> PROBLEM STATEMENT:
Pick the lines holding the string "window" out of the records and copy them.
#### RECORD EXTRACTS ####
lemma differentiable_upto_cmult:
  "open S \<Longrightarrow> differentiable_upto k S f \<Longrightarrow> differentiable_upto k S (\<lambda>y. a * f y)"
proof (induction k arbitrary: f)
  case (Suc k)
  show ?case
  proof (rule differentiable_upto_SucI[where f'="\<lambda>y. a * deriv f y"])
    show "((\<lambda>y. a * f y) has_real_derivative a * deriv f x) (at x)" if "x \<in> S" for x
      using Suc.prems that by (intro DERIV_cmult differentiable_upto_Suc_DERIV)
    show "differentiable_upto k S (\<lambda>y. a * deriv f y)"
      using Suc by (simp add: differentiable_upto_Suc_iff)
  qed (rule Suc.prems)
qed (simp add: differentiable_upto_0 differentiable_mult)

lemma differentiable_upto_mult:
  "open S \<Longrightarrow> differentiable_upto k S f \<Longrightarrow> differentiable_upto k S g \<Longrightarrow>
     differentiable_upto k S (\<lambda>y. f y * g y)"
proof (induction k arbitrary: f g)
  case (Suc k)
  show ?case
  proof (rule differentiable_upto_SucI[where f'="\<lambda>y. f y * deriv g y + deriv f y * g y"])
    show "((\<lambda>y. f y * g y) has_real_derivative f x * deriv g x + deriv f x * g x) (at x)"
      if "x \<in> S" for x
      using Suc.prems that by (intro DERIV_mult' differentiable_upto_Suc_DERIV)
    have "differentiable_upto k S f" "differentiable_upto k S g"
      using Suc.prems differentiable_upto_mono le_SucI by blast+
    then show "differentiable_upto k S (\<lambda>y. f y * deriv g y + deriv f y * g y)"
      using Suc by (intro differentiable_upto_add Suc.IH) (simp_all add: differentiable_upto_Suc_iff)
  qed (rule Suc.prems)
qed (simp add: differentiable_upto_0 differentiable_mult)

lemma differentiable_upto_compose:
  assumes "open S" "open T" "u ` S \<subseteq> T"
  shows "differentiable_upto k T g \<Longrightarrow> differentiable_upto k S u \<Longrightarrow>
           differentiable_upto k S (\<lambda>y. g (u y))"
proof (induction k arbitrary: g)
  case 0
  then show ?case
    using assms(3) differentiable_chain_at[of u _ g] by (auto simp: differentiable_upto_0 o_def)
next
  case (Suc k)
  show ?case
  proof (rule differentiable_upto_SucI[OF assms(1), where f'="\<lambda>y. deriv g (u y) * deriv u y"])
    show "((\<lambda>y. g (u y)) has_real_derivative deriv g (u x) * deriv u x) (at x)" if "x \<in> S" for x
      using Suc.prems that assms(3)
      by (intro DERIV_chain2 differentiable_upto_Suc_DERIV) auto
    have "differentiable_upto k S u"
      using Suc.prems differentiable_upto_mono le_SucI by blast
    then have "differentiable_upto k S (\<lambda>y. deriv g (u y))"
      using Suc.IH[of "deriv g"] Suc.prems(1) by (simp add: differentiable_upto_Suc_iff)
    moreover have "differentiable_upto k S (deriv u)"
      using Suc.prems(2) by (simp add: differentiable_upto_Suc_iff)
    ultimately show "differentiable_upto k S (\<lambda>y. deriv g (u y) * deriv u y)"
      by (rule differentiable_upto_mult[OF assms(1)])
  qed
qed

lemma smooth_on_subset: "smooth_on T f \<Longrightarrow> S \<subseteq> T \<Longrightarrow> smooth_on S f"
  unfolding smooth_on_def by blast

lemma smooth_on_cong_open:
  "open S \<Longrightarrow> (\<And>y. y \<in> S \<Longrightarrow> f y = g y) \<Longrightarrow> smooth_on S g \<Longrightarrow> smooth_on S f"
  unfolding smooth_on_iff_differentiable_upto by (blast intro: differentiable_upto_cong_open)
####
#### RECORD EXTRACTS ####
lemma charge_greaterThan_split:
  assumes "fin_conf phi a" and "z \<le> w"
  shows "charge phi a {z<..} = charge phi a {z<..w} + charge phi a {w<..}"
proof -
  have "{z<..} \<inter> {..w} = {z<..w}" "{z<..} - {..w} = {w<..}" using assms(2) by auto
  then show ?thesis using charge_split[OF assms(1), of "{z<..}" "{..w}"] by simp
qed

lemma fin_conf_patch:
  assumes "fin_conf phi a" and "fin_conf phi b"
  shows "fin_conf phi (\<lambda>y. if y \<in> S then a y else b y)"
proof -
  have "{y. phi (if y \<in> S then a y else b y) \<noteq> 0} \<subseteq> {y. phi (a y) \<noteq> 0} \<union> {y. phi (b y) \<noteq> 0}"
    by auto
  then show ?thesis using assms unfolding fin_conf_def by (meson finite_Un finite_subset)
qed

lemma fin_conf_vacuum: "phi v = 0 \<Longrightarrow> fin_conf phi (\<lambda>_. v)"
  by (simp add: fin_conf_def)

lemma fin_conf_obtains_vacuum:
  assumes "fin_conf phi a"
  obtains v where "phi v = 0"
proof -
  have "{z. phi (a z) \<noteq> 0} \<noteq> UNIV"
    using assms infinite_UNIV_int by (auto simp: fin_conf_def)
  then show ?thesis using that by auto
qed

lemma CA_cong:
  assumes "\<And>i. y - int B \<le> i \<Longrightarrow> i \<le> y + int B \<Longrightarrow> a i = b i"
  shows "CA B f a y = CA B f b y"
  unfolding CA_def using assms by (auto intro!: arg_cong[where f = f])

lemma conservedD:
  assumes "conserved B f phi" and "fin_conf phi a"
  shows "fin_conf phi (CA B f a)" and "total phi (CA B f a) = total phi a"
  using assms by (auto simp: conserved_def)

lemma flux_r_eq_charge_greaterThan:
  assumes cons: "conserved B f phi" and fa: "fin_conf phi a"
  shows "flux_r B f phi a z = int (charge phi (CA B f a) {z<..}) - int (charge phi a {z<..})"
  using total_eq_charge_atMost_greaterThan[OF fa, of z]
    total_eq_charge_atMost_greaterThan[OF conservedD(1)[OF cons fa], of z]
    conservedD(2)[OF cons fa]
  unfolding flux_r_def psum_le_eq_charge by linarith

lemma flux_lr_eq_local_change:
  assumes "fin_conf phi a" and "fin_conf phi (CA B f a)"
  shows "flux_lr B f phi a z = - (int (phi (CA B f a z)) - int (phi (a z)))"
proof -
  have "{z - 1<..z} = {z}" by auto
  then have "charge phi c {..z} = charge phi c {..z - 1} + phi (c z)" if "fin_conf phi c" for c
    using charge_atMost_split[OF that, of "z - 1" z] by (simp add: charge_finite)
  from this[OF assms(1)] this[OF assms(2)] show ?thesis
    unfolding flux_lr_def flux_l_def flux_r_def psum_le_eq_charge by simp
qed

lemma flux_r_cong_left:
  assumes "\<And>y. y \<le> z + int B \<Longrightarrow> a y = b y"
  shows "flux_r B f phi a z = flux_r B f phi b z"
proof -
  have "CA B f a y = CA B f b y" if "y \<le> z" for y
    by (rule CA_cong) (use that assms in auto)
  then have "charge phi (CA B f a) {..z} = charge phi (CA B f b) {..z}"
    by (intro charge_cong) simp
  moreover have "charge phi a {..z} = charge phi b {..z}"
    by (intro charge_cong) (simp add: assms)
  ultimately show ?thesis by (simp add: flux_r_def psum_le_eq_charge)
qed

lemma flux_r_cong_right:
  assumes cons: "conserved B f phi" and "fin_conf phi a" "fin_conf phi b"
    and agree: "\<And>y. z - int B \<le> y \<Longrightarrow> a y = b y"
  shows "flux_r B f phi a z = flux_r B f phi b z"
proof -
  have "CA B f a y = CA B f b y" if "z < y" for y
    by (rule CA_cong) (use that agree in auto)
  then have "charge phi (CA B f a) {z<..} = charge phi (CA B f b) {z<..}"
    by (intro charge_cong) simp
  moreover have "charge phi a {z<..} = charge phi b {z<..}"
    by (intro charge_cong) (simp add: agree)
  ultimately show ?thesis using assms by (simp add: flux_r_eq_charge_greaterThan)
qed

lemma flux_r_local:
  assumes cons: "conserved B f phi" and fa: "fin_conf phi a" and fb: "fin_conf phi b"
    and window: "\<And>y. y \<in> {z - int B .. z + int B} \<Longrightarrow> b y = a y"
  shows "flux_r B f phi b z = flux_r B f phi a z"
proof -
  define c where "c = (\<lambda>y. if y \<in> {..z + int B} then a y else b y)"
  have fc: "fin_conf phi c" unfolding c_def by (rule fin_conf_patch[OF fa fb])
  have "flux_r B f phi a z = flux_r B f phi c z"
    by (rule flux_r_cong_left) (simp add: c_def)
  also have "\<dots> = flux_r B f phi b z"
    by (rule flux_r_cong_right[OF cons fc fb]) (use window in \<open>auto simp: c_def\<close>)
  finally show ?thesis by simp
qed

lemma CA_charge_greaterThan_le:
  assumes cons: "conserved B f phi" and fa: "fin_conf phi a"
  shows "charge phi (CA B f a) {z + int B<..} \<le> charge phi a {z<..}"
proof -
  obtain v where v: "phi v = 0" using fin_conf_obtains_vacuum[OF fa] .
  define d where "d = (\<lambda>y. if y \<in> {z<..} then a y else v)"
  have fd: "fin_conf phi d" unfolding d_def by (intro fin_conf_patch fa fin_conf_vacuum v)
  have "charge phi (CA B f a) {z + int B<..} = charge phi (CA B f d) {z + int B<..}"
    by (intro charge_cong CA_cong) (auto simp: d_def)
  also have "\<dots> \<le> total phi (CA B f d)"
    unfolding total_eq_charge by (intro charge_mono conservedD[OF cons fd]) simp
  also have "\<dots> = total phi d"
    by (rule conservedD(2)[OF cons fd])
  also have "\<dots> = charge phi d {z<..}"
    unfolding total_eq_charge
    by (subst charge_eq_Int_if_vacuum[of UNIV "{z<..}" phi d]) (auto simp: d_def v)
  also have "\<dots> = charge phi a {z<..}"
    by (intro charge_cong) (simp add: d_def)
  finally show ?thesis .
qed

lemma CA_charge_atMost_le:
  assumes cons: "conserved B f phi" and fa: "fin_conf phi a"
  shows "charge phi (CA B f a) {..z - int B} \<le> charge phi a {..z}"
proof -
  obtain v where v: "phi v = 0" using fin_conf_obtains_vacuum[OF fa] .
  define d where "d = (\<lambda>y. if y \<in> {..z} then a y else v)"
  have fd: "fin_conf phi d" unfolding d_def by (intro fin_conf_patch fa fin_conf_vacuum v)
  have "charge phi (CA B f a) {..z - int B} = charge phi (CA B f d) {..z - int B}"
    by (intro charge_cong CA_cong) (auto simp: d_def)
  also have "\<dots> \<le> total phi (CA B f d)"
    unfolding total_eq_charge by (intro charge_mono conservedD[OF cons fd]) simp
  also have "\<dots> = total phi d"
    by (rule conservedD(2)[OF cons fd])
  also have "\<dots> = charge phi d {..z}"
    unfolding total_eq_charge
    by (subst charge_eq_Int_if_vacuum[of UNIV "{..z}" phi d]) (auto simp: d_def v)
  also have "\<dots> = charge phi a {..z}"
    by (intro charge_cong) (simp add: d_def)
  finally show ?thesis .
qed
####
#### RECORD EXTRACTS ####
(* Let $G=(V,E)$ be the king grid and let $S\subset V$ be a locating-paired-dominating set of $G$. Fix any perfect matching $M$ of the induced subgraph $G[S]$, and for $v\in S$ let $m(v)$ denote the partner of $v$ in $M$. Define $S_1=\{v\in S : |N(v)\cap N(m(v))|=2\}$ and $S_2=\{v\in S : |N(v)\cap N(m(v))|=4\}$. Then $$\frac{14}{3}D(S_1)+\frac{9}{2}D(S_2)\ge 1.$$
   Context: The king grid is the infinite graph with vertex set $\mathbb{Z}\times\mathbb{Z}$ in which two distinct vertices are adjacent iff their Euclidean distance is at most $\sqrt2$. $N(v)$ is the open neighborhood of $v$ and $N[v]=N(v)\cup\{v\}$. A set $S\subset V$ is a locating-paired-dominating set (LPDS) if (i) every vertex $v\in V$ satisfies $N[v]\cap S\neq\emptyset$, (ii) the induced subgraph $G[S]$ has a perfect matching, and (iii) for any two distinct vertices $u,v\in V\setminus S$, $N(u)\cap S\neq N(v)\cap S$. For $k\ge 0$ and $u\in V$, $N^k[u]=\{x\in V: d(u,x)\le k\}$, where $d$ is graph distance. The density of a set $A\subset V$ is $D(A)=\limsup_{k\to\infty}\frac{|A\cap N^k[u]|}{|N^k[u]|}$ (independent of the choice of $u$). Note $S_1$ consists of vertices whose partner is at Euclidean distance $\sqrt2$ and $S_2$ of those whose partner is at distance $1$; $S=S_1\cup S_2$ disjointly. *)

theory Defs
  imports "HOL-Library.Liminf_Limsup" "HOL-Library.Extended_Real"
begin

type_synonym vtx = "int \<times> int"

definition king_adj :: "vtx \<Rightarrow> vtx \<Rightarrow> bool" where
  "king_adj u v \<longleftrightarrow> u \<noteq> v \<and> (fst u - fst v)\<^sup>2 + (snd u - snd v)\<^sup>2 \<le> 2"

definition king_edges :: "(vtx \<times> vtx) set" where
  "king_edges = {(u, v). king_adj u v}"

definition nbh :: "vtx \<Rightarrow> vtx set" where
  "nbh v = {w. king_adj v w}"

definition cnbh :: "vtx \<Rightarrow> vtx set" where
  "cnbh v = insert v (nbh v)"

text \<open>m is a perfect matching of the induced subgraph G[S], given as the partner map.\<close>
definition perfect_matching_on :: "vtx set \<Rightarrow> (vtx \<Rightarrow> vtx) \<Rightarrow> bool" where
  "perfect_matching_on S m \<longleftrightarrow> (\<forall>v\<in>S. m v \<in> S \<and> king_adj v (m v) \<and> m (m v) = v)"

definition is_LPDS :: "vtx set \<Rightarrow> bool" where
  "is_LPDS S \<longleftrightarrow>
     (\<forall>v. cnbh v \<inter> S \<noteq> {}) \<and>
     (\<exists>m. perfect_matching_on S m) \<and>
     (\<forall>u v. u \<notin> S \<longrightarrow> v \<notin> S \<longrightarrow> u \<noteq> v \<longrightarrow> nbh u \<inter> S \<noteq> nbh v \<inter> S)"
####
> ANSWER SPACE:
    and window: "\<And>y. y \<in> {z - int B .. z + int B} \<Longrightarrow> b y = a y"
    by (rule flux_r_cong_right[OF cons fc fb]) (use window in \<open>auto simp: c_def\<close>)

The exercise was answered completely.